[Start of Attachment]
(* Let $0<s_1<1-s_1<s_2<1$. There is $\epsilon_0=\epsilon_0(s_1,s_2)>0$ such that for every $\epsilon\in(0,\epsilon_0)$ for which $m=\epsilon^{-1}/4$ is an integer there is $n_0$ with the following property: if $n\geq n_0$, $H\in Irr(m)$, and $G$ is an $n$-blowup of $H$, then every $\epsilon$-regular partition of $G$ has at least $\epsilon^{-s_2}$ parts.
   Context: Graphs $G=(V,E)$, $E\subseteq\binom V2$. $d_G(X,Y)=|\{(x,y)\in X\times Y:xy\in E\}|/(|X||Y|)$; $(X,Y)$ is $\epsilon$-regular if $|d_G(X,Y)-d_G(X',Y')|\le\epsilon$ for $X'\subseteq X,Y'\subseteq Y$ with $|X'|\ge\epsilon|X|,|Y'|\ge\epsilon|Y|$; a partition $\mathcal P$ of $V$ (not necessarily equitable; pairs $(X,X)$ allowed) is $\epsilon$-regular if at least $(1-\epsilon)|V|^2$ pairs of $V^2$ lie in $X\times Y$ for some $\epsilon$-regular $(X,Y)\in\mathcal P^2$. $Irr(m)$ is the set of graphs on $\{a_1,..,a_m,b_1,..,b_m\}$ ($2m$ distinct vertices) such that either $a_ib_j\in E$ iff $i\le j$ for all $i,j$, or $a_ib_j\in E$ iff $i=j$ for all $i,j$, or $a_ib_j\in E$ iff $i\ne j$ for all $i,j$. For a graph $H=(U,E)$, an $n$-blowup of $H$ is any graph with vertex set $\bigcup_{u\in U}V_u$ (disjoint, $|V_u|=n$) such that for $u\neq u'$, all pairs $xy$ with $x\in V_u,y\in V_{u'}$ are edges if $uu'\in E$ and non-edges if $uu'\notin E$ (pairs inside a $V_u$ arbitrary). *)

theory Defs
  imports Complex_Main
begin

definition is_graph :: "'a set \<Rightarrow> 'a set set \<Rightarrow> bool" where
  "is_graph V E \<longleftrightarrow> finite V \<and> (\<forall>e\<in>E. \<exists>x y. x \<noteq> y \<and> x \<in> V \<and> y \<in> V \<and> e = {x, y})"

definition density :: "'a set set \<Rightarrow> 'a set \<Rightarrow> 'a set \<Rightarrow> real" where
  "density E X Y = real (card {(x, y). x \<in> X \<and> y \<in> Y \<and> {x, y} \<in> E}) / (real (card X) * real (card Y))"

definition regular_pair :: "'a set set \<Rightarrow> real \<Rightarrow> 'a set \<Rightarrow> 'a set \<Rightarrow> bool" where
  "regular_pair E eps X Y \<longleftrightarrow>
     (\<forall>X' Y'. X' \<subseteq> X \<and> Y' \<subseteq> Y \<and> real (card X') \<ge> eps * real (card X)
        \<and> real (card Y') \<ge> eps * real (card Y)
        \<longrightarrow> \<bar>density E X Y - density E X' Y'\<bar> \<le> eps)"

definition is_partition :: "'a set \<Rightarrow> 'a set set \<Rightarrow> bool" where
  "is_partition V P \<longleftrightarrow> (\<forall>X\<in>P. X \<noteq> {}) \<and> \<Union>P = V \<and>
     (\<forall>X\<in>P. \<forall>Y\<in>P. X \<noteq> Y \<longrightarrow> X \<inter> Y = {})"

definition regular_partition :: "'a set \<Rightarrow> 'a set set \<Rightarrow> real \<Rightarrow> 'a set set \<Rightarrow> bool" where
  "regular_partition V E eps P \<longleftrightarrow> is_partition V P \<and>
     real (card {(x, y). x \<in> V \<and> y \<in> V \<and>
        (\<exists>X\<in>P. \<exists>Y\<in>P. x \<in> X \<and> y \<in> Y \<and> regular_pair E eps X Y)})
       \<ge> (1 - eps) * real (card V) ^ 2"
[End of Attachment]
[Start of Attachment]
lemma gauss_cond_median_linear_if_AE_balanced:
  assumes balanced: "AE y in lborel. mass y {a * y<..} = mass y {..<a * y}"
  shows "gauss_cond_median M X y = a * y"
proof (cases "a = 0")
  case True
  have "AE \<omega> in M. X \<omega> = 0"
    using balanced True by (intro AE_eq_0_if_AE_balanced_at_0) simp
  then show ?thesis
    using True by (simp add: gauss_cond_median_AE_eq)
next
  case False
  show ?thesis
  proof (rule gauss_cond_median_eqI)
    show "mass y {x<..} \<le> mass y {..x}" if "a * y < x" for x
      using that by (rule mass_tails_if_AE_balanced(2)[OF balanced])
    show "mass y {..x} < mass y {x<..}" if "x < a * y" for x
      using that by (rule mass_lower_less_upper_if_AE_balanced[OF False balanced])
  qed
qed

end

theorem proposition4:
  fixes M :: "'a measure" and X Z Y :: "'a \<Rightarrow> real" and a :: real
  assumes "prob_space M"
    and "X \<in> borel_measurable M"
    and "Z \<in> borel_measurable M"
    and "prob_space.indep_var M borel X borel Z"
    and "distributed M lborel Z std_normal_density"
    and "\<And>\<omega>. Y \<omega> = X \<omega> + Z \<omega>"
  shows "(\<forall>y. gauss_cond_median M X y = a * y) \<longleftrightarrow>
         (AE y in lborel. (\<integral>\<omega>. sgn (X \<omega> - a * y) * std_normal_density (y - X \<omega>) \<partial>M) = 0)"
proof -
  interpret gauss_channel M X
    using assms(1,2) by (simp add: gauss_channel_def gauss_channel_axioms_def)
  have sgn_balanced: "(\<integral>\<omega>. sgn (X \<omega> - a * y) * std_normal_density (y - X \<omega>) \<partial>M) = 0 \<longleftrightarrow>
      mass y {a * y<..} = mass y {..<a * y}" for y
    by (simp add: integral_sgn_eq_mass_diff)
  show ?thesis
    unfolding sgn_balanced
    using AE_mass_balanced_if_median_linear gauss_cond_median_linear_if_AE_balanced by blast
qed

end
[End of Attachment]
Task brief:
Looking at the data above, write out exactly the lines that start at the one containing "theory Defs" and end at the one containing "(real (card X)"; include both and nothing beyond.

Exercise result:
theory Defs
  imports Complex_Main
begin

definition is_graph :: "'a set \<Rightarrow> 'a set set \<Rightarrow> bool" where
  "is_graph V E \<longleftrightarrow> finite V \<and> (\<forall>e\<in>E. \<exists>x y. x \<noteq> y \<and> x \<in> V \<and> y \<in> V \<and> e = {x, y})"

definition density :: "'a set set \<Rightarrow> 'a set \<Rightarrow> 'a set \<Rightarrow> real" where
  "density E X Y = real (card {(x, y). x \<in> X \<and> y \<in> Y \<and> {x, y} \<in> E}) / (real (card X) * real (card Y))"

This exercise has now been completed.